01
New capabilities, wired in and verified
Live
Added on‑demand image and vector generation that routes to the right model for the job. Connected the code and database stack (read‑only, least‑privilege). Added office‑document‑to‑markdown conversion and a live status readout. Each one was vetted against what already existed, so only the genuinely additive tools stayed. The rest were named and skipped, on purpose.
02
A sharper memory for Eugene, the conductor
Shipped
Eugene runs the whole crew, so his recall has to be sharp. We built him a re‑ranker so he surfaces the right note and pushes the near‑misses out of the way. The first model was accurate but slow, about 10 seconds a lookup. We swapped it for a lighter one at roughly 0.4 seconds, running fully on‑device. Code review caught a real bug before it shipped. QA reproduced the fix under pressure. Then it was committed. The orchestrator got faster at the one thing he does most.
03
A full audit of the whole system
Done
Four inspectors reviewed the setup in parallel: its structure, its memory, its wiring, and its notes. The pass scaffolded missing project spaces, set a cadence so the memory stops going stale, retired eight redundant tools, and reclaimed 134 MB of dead weight. Housekeeping, but the kind that keeps the whole thing sharp.
04
A study app, redesigned end to end
Shipped
The flagship. A study app I use to prep for a certification felt clunky. The design agent rendered every screen and named the real problem: no mobile‑first hierarchy, and headers physically colliding on my actual iPhone.

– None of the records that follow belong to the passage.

(* Let $\{(\lambda^\alpha_{i,j})_{i,j\in\mathbb{N}}:\alpha<\omega_1\}$ be a family of real matrices each of which satisfies: (i) $\lim_{i\to\infty}\lambda^\alpha_{i,j}=0$ for every $j\in\mathbb{N}$; (ii) $\sum_{j\in\mathbb{N}}|\lambda^\alpha_{i,j}|<\infty$ for every $i\in\mathbb{N}$; (iii) $\lim_{i\to\infty}\sum_{j\in\mathbb{N}}\lambda^\alpha_{i,j}=1$. Then there exists an almost disjoint family $\mathcal{F}$ such that for every $\alpha<\omega_1$ there is $N'_\alpha\in\mathcal{F}$ for which the sequence $\big(\sum_{j\in N'_\alpha}\lambda^\alpha_{i,j}\big)_{i\in\mathbb{N}}$ does not converge to $0$.
   Context: An almost disjoint family is an infinite family of pairwise almost disjoint infinite subsets of $\mathbb{N}$, where two sets are almost disjoint if their intersection is finite. $\omega_1$ is the first uncountable ordinal. *)

theory Defs
  imports Complex_Main
begin

definition almost_disjoint_family :: "nat set set \<Rightarrow> bool" where
  "almost_disjoint_family F \<longleftrightarrow>
     infinite F \<and> (\<forall>A\<in>F. infinite A) \<and>
     (\<forall>A\<in>F. \<forall>B\<in>F. A \<noteq> B \<longrightarrow> finite (A \<inter> B))"

end

theory Submission
  imports Defs "HOL-Library.Countable_Set_Type" "HOL-Analysis.Infinite_Sum"
begin

text \<open>
  Well-order the index set so that every index has only countably many predecessors and build
  the family by transfinite recursion, starting from a countable partition of \<open>\<nat>\<close> into
  infinitely many infinite sets. At stage \<open>\<alpha>\<close> the family built so far is countable. If
  one of its members already makes the row sums of the \<open>\<alpha>\<close>-th matrix fail to tend to 0,
  nothing is added. Otherwise the row sums over every finite union \<open>D k\<close> of members tend to 0,
  hence those over its complement tend to 1, and a diagonal argument chooses rows \<open>i k\<close> and
  consecutive blocks \<open>[b k, b (k + 1))\<close> carrying all but \<open>1/4\<close> of the absolute mass of
  row \<open>i k\<close>. The union of the sets \<open>[b k, b (k + 1)) - D k\<close> is almost disjoint from
  every member, and its sum along row \<open>i k\<close> is at least \<open>1/4\<close>.
\<close>

unbundle cardinal_syntax

definition almost_disjoint :: "'a set \<Rightarrow> 'a set \<Rightarrow> bool" where
  "almost_disjoint A B \<longleftrightarrow> finite (A \<inter> B)"

lemma ex_wellorder_countable_initial_segments:
  assumes "|UNIV :: 'a set| \<le>o cardSuc natLeq"
  shows "\<exists>R :: 'a rel. wf R \<and> trans R \<and> total R \<and> (\<forall>x. countable {y. (y, x) \<in> R})"
proof -
  let ?r = "cardSuc natLeq"
  have card_order: "Card_order ?r"
    using cardSuc_Card_order natLeq_Card_order by blast
  then have well_order: "wo_rel ?r"
    using card_order_on_well_order_on wo_rel_def by blast
  have "|UNIV :: 'a set| \<le>o |Field ?r|"
    using ordLeq_ordIso_trans[OF assms ordIso_symmetric[OF card_of_Field_ordIso[OF card_order]]] .
  then obtain f :: "'a \<Rightarrow> _" where inj: "inj f" and f_Field: "range f \<subseteq> Field ?r"
    unfolding card_of_ordLeq[symmetric] by blast
  define R where "R = inv_image (?r - Id) f"
  have "wf R"
    unfolding R_def using well_order by (intro wf_inv_image wo_rel.WF)
  moreover have "trans R"
    unfolding R_def using well_order by (intro trans_inv_image trans_diff_Id wo_rel.TRANS wo_rel.ANTISYM)
  moreover have "total R"
  proof (rule total_onI)
    fix x y :: 'a assume "x \<noteq> y"
    then have "f x \<noteq> f y"
      using inj by (auto dest: injD)
    moreover have "f x \<in> Field ?r" "f y \<in> Field ?r"
      using f_Field by auto
    ultimately show "(x, y) \<in> R \<or> (y, x) \<in> R"
      using wo_rel.TOTALS[OF well_order] unfolding R_def by auto
  qed
  moreover have "countable {y. (y, x) \<in> R}" for x
  proof -
    have "|underS ?r (f x)| <o ?r"
      using card_of_underS[OF card_order] f_Field by blast
    then have "countable (underS ?r (f x))"
      using cardSuc_ordLeq_ordLess[OF natLeq_Card_order card_of_Card_order] countable_card_le_natLeq
      by blast
    moreover have "f ` {y. (y, x) \<in> R} \<subseteq> underS ?r (f x)"
      by (auto simp: R_def underS_def)
    ultimately show ?thesis
      using inj by (meson countable_image_inj_on countable_subset inj_on_subset subset_UNIV)
  qed
  ultimately show ?thesis
    by blast
qed
lemma (in hermitian_form) proj_sum_scalar_imp_lt_sum_others:
  assumes ps: "proj_sum_scalar n v b h" and dl: "distinct_lines n v" and "3 \<le> n"
    and b: "\<forall>i<n. 0 < b i" and j: "j < n"
  shows "b j < (\<Sum>i\<in>{..<n} - {j}. b i)"
proof -
  define u where "u = v j"
  define w where "w = perp h u"
  have u: "u \<noteq> 0"
    using dl j by (simp add: distinct_lines_nonzero u_def)
  have w: "w \<noteq> 0" "h w u = 0"
    using perp_nonzero[OF u] perp_orth by (simp_all add: w_def)
  then have uw: "h u w = 0"
    using orth_sym by blast
  define P where "P i = (cmod (h (v i) u))\<^sup>2 / Re (h u u)" for i
  define Q where "Q i = Re (h (v i) (v i))" for i
  have Q_pos: "0 < Q i" if "i < n" for i
    using self_pos distinct_lines_nonzero[OF dl that] by (simp add: Q_def)
  have R_eq: "(cmod (h (v i) w))\<^sup>2 / Re (h w w) = Q i - P i" for i
    using parseval[OF u w(1) uw, of "v i"] by (simp add: P_def Q_def)
  have "(\<Sum>i<n. b i * (P i - (Q i - P i)) / Q i) = 0"
    using proj_sum_scalar_balance[OF ps u w(1)] by (simp add: R_eq flip: P_def Q_def)
  moreover have "b i * (P i - (Q i - P i)) / Q i = 2 * (b i * P i / Q i) - b i" if "i < n" for i
    using Q_pos[OF that] by (simp add: field_simps)
  ultimately have total: "(\<Sum>i<n. b i) = 2 * (\<Sum>i<n. b i * P i / Q i)"
    by (simp add: sum_subtractf sum_distrib_left)
  have "P j = Q j"
    using R_eq[of j] uw by (simp add: u_def[symmetric])
  then have split: "(\<Sum>i<n. b i * P i / Q i) = b j + (\<Sum>i\<in>{..<n} - {j}. b i * P i / Q i)"
    using j Q_pos[OF j] by (simp add: sum.remove)
  obtain i where "i < n" "i \<noteq> j" "h (v i) u \<noteq> 0"
    using distinct_lines_not_orth[OF dl \<open>3 \<le> n\<close> j u] .
  then have i: "i \<in> {..<n} - {j}" "0 < P i"
    using self_pos[OF u] by (simp_all add: P_def)
  have "0 < (\<Sum>i\<in>{..<n} - {j}. b i * P i / Q i)"
  proof (rule sum_pos2[OF _ i(1)])
    show "0 < b i * P i / Q i"
      using i b Q_pos by simp
    show "0 \<le> b k * P k / Q k" if "k \<in> {..<n} - {j}" for k
      using that b Q_pos[of k] self_pos[OF u]
      by (intro divide_nonneg_pos mult_nonneg_nonneg) (auto simp: P_def less_imp_le)
  qed simp
  moreover have "(\<Sum>i<n. b i) = b j + (\<Sum>i\<in>{..<n} - {j}. b i)"
    using j by (simp add: sum.remove)
  ultimately show ?thesis
    using total split by linarith
qed
lemma monomial_add: "monomial (\<lambda>b. k b + l b) = monomial k * monomial l"
  unfolding monomial_def by (simp add: zpow_add invertible_basis prod.distrib)

lemma qexps_monomial: "\<forall>b. b \<notin> C \<longrightarrow> k b = 0 \<Longrightarrow> qexps (monomial k) = k"
  using coordinates_unique(2)[of k _ 1] by (simp add: smul_one)

lemma smul_expansion: "smul \<alpha> x = smul (\<alpha> * qcoeff x) (monomial (qexps x))"
proof -
  have "smul \<alpha> x = smul \<alpha> (smul (qcoeff x) (monomial (qexps x)))"
    by (rule arg_cong[OF expansion])
  then show ?thesis
    by (simp only: smul_smul)
qed

lemma qexps_smul: "qexps (smul \<alpha> x) = qexps x"
  and qcoeff_smul: "qcoeff (smul \<alpha> x) = \<alpha> * qcoeff x"
proof -
  note smul_expansion[of \<alpha> x]
  then show "qexps (smul \<alpha> x) = qexps x" and "qcoeff (smul \<alpha> x) = \<alpha> * qcoeff x"
    using coordinates_unique qexps_outside by blast+
qed

lemma qexps_mult: "qexps (x * y) = (\<lambda>b. qexps x b + qexps y b)"
  and qcoeff_mult: "qcoeff (x * y) = qcoeff x * qcoeff y"
proof -
  have "x * y = smul (qcoeff x) (monomial (qexps x)) * smul (qcoeff y) (monomial (qexps y))"
    using expansion by metis
  also have "\<dots> = smul (qcoeff x * qcoeff y) (monomial (\<lambda>b. qexps x b + qexps y b))"
    by (simp add: smul_mult_left[symmetric] smul_mult_right[symmetric] smul_smul monomial_add
        mult.commute[of "qcoeff x"])
  finally show "qexps (x * y) = (\<lambda>b. qexps x b + qexps y b)"
    and "qcoeff (x * y) = qcoeff x * qcoeff y"
    using coordinates_unique by (simp_all add: qexps_outside)
qed
(* Let $\hat{\mathcal T}$ be a regular refinement of $\mathcal T$ (both in $\mathbb T$), let $u_{CR}\in CR^1_0(\mathcal T)$ and $\hat u_{CR}\in CR^1_0(\hat{\mathcal T})$ be the Crouzeix–Raviart FEM solutions with right-hand side $f\in L^2(\Omega)$, and let $\Lambda_1^2:=48\cot(\omega_0)(2\sin(\omega_0))^{-1/2}$. Then $$|\eta_{CR}(\mathcal T,\mathcal T\cap\hat{\mathcal T})-\eta_{CR}(\hat{\mathcal T},\mathcal T\cap\hat{\mathcal T})|\le\Lambda_1\|\nabla_{NC}(u_{CR}-\hat u_{CR})\|_{L^2(\Omega)}.$$
   Context: $\Omega\subset\mathbb R^2$ is a bounded polygonal Lipschitz domain, $\mathbb T$ is the set of regular triangulations obtained from an initial triangulation by successive newest-vertex bisections, and $\omega_0>0$ is a lower bound for all interior angles of all triangles involved. $CR^1_0(\mathcal T)$ is the Crouzeix–Raviart space of piecewise affine functions continuous at midpoints of interior edges and zero at midpoints of boundary edges; $\nabla_{NC}$ is the piecewise gradient; $u_{CR}\in CR^1_0(\mathcal T)$ satisfies $\int_\Omega\nabla_{NC}u_{CR}\cdot\nabla_{NC}v_{CR}\,dx=\int_\Omega fv_{CR}\,dx$ for all $v_{CR}\in CR^1_0(\mathcal T)$. For $K\in\mathcal T$, $\eta_{CR}^2(\mathcal T,K):=|K|\,\|f\|_{L^2(K)}^2+|K|^{1/2}\sum_{E\text{ edge of }K}\|[\partial u_{CR}/\partial s]_E\|_{L^2(E)}^2$, where $\partial/\partial s$ is the tangential derivative, $[\cdot]_E$ the jump across an interior edge and the trace on a boundary edge; $\eta_{CR}^2(\mathcal T,\mathcal M):=\sum_{K\in\mathcal M}\eta_{CR}^2(\mathcal T,K)$ (analogously for $\hat{\mathcal T}$ with $\hat u_{CR}$). *)

theory Defs
  imports "HOL-Analysis.Analysis"
begin
lemma norm_cross_sum_less:
  fixes x1 x2 x3 x4 :: "real^3"
  assumes sum: "x1 + x2 = x3 + x4" and "cross3 x1 x3 \<noteq> 0" and "cross3 x2 x3 \<noteq> 0"
  shows "norm (cross3 x1 x2) + norm (cross3 x3 x4) <
    norm (cross3 x1 x3) + norm (cross3 x1 x4) + norm (cross3 x2 x3) + norm (cross3 x2 x4)"
proof -
  have x2: "x2 = x3 + x4 - x1" using sum by (simp add: algebra_simps)
  have split1: "cross3 x1 x2 = cross3 x1 x3 + cross3 x1 x4"
    and split2: "- cross3 x1 x2 = cross3 x2 x3 + cross3 x2 x4"
    and split3: "cross3 x3 x4 = cross3 x3 x1 + cross3 x3 x2"
    and split4: "- cross3 x3 x4 = cross3 x4 x1 + cross3 x4 x2"
    by (simp_all add: x2 cross3_simps)
  have le1: "norm (cross3 x1 x2) \<le> norm (cross3 x1 x3) + norm (cross3 x1 x4)"
    unfolding split1 by (rule norm_triangle_ineq)
  have le2: "norm (cross3 x1 x2) \<le> norm (cross3 x2 x3) + norm (cross3 x2 x4)"
    using norm_triangle_ineq[of "cross3 x2 x3" "cross3 x2 x4"] by (simp flip: split2)
  have le3: "norm (cross3 x3 x4) \<le> norm (cross3 x1 x3) + norm (cross3 x2 x3)"
    using norm_triangle_ineq[of "cross3 x3 x1" "cross3 x3 x2"]
    by (simp add: norm_cross_commute[of x3 x1] norm_cross_commute[of x3 x2] flip: split3)
  have le4: "norm (cross3 x3 x4) \<le> norm (cross3 x1 x4) + norm (cross3 x2 x4)"
    using norm_triangle_ineq[of "cross3 x4 x1" "cross3 x4 x2"]
    by (simp add: norm_cross_commute[of x4 x1] norm_cross_commute[of x4 x2] flip: split4)
  show ?thesis
  proof (rule ccontr)
    assume "\<not> ?thesis"
    \<comment> \<open>then three triangle inequalities are equalities, so \<open>x1 \<times> x4\<close>, \<open>x3 \<times> x2\<close> and \<open>x2 \<times> x4\<close> are
      nonnegative multiples of \<open>\<plusminus>x1 \<times> x3\<close>, and the identity relating them forces \<open>x1 \<times> x3 = 0\<close>\<close>
    then have "norm (cross3 x1 x2) = norm (cross3 x1 x3) + norm (cross3 x1 x4)"
      and "norm (cross3 x1 x2) = norm (cross3 x2 x3) + norm (cross3 x2 x4)"
      and "norm (cross3 x3 x4) = norm (cross3 x1 x3) + norm (cross3 x2 x3)"
      using le1 le2 le3 le4 by linarith+
    then have eq1: "norm (cross3 x1 x3 + cross3 x1 x4) = norm (cross3 x1 x3) + norm (cross3 x1 x4)"
      and eq2: "norm (cross3 x2 x3 + cross3 x2 x4) = norm (cross3 x2 x3) + norm (cross3 x2 x4)"
      and eq3: "norm (cross3 x3 x1 + cross3 x3 x2) = norm (cross3 x3 x1) + norm (cross3 x3 x2)"
      by (simp_all add: norm_cross_commute[of x3 x1] norm_cross_commute[of x3 x2]
          flip: split1 split2 split3)
    define n where "n = cross3 x1 x3"
    have "n \<noteq> 0" using assms(2) unfolding n_def .
    have "cross3 x3 x1 = - n" unfolding n_def by (rule cross_skew)
    obtain c where "c \<ge> 0" and c: "cross3 x1 x4 = c *\<^sub>R n"
      using norm_add_eq_imp_nonneg_multiple[OF eq1] assms(2) unfolding n_def by blast
    obtain d where "d \<ge> 0" and d: "cross3 x3 x2 = - d *\<^sub>R n"
      using norm_add_eq_imp_nonneg_multiple[OF eq3] \<open>n \<noteq> 0\<close> \<open>cross3 x3 x1 = - n\<close> by auto
    obtain e where "e \<ge> 0" and e: "cross3 x2 x4 = e *\<^sub>R cross3 x2 x3"
      using norm_add_eq_imp_nonneg_multiple[OF eq2] assms(3) by blast
    have "cross3 x2 x4 = cross3 x3 x2 - n - cross3 x1 x4"
      unfolding n_def by (simp add: x2 cross3_simps)
    moreover have "cross3 x2 x3 = d *\<^sub>R n" using d by (metis cross_skew minus_minus scaleR_minus_left)
    ultimately have "n + c *\<^sub>R n + d *\<^sub>R n + (e * d) *\<^sub>R n = 0" using c d e by simp
    then have "(1 + c + d + e * d) *\<^sub>R n = 0" by (simp add: algebra_simps)
    moreover have "1 + c + d + e * d > 0"
      using \<open>c \<ge> 0\<close> \<open>d \<ge> 0\<close> \<open>e \<ge> 0\<close> by (simp add: add_pos_nonneg)
    ultimately show False using \<open>n \<noteq> 0\<close> by simp
  qed
qed

lemma cross3_of_sum_zero:
  fixes x y z :: "real^3"
  assumes "x + y + z = 0"
  shows "cross3 x z = cross3 y x" and "cross3 y z = cross3 x y"
proof -
  have z: "z = - x - y" using assms by (simp add: algebra_simps eq_neg_iff_add_eq_0)
  show "cross3 x z = cross3 y x" and "cross3 y z = cross3 x y"
    unfolding z by (simp_all add: cross3_simps)
qed
(* Let $n\ge1$, let $B=\{\cos(\theta)|0\rangle+\sin(\theta)|1\rangle\mid0\le\theta<2\pi\}$ and $\mathcal S=B^{\otimes n}=\{|b_1\rangle\otimes\cdots\otimes|b_n\rangle\mid|b_j\rangle\in B\}$. (i) There exists a randomization procedure for $\mathcal S$ whose probability distribution has Shannon entropy $H(p_1,\dots,p_N)=n$. (ii) Every randomization procedure for $\mathcal S$ (using any number of ancilla qubits) has $H(p_1,\dots,p_N)\ge n$.
   Context: $\mathcal{H}_{2^k}$ denotes the Hilbert space of $k$ qubits; $H(p_1,\dots,p_N)=-\sum_ip_i\log_2p_i$. A randomization procedure for a set $\mathcal S\subseteq\mathcal H_{2^n}$ of pure $n$-qubit states consists of an integer $m\ge n$, probabilities $p_1,\dots,p_N\ge0$ with $\sum_ip_i=1$, unitaries $U_1,\dots,U_N$ on $\mathcal H_{2^m}$, an $(m-n)$-qubit density matrix $\rho_a$ (ancilla) and an $m$-qubit density matrix $\rho_0$ such that $\sum_{i=1}^Np_iU_i(|\phi\rangle\langle\phi|\otimes\rho_a)U_i^\dagger=\rho_0$ for every $|\phi\rangle\in\mathcal S$ (the entropy generated is $H(p_1,\dots,p_N)$). *)

theory Defs
  imports "HOL-Analysis.Analysis" "Jordan_Normal_Form.Matrix" "Jordan_Normal_Form.Schur_Decomposition"
begin

text \<open>A k-qubit (column) vector lives in carrier_vec (2^k); operators in carrier_mat (2^k) (2^k).
  Basis index i of a tensor product u (x) v is (i div dim v, i mod dim v), i.e. first factor most significant.\<close>

definition kron_vec :: "complex vec \<Rightarrow> complex vec \<Rightarrow> complex vec" where
  "kron_vec u v = vec (dim_vec u * dim_vec v) (\<lambda>i. u $ (i div dim_vec v) * v $ (i mod dim_vec v))"

definition kron_mat :: "complex mat \<Rightarrow> complex mat \<Rightarrow> complex mat" where
  "kron_mat A B = mat (dim_row A * dim_row B) (dim_col A * dim_col B)
     (\<lambda>(i,j). A $$ (i div dim_row B, j div dim_col B) * B $$ (i mod dim_row B, j mod dim_col B))"

fun tensor_list :: "complex vec list \<Rightarrow> complex vec" where
  "tensor_list [] = vec 1 (\<lambda>_. 1)"
| "tensor_list (v # vs) = kron_vec v (tensor_list vs)"

definition proj :: "complex vec \<Rightarrow> complex mat" where
  "proj v = mat (dim_vec v) (dim_vec v) (\<lambda>(i,j). v $ i * cnj (v $ j))"

definition mat_trace :: "complex mat \<Rightarrow> complex" where
  "mat_trace A = (\<Sum>i<dim_row A. A $$ (i,i))"

definition unitary_op :: "nat \<Rightarrow> complex mat \<Rightarrow> bool" where
  "unitary_op k U \<longleftrightarrow> U \<in> carrier_mat (2^k) (2^k) \<and> mat_adjoint U * U = 1\<^sub>m (2^k)"

definition density_mat :: "nat \<Rightarrow> complex mat \<Rightarrow> bool" where
  "density_mat k \<rho> \<longleftrightarrow> \<rho> \<in> carrier_mat (2^k) (2^k) \<and> mat_adjoint \<rho> = \<rho>
     \<and> (\<forall>v \<in> carrier_vec (2^k). conjugate v \<bullet> (\<rho> *\<^sub>v v) \<in> \<real> \<and> Re (conjugate v \<bullet> (\<rho> *\<^sub>v v)) \<ge> 0)
     \<and> mat_trace \<rho> = 1"

definition shannon :: "nat \<Rightarrow> (nat \<Rightarrow> real) \<Rightarrow> real" where
  "shannon N p = - (\<Sum>i<N. if p i = 0 then 0 else p i * log 2 (p i))"

definition mixture :: "nat \<Rightarrow> nat \<Rightarrow> (nat \<Rightarrow> real) \<Rightarrow> (nat \<Rightarrow> complex mat) \<Rightarrow> complex mat \<Rightarrow> complex mat" where
  "mixture d N p U X = mat d d (\<lambda>rc. \<Sum>i<N. complex_of_real (p i) * (U i * X * mat_adjoint (U i)) $$ rc)"

definition randomization_procedure ::
  "nat \<Rightarrow> complex vec set \<Rightarrow> nat \<Rightarrow> nat \<Rightarrow> (nat \<Rightarrow> real) \<Rightarrow> (nat \<Rightarrow> complex mat)
     \<Rightarrow> complex mat \<Rightarrow> complex mat \<Rightarrow> bool" where
  "randomization_procedure n S m N p U \<rho>a \<rho>0 \<longleftrightarrow>
     m \<ge> n \<and> (\<forall>i<N. p i \<ge> 0) \<and> (\<Sum>i<N. p i) = 1 \<and> (\<forall>i<N. unitary_op m (U i))
     \<and> density_mat (m - n) \<rho>a \<and> density_mat m \<rho>0
     \<and> (\<forall>\<phi>\<in>S. mixture (2^m) N p U (kron_mat (proj \<phi>) \<rho>a) = \<rho>0)"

Then it caught something the eye would miss. The correct answer was the longest option in 96% of questions, so the app was quietly training me to pick the longest answer instead of the right one. We rewrote the question bank. That is down to 28% now, where pure chance is 25%.
The interface was rebuilt mobile‑first with proper handling for the iPhone's notch. Code review caught a timer that could freeze the screen mid‑test, and it was fixed. QA walked every flow and proved it. The last gate is the real phone, because headless testing cannot see a physical notch. Being honest about that is the point, not a footnote.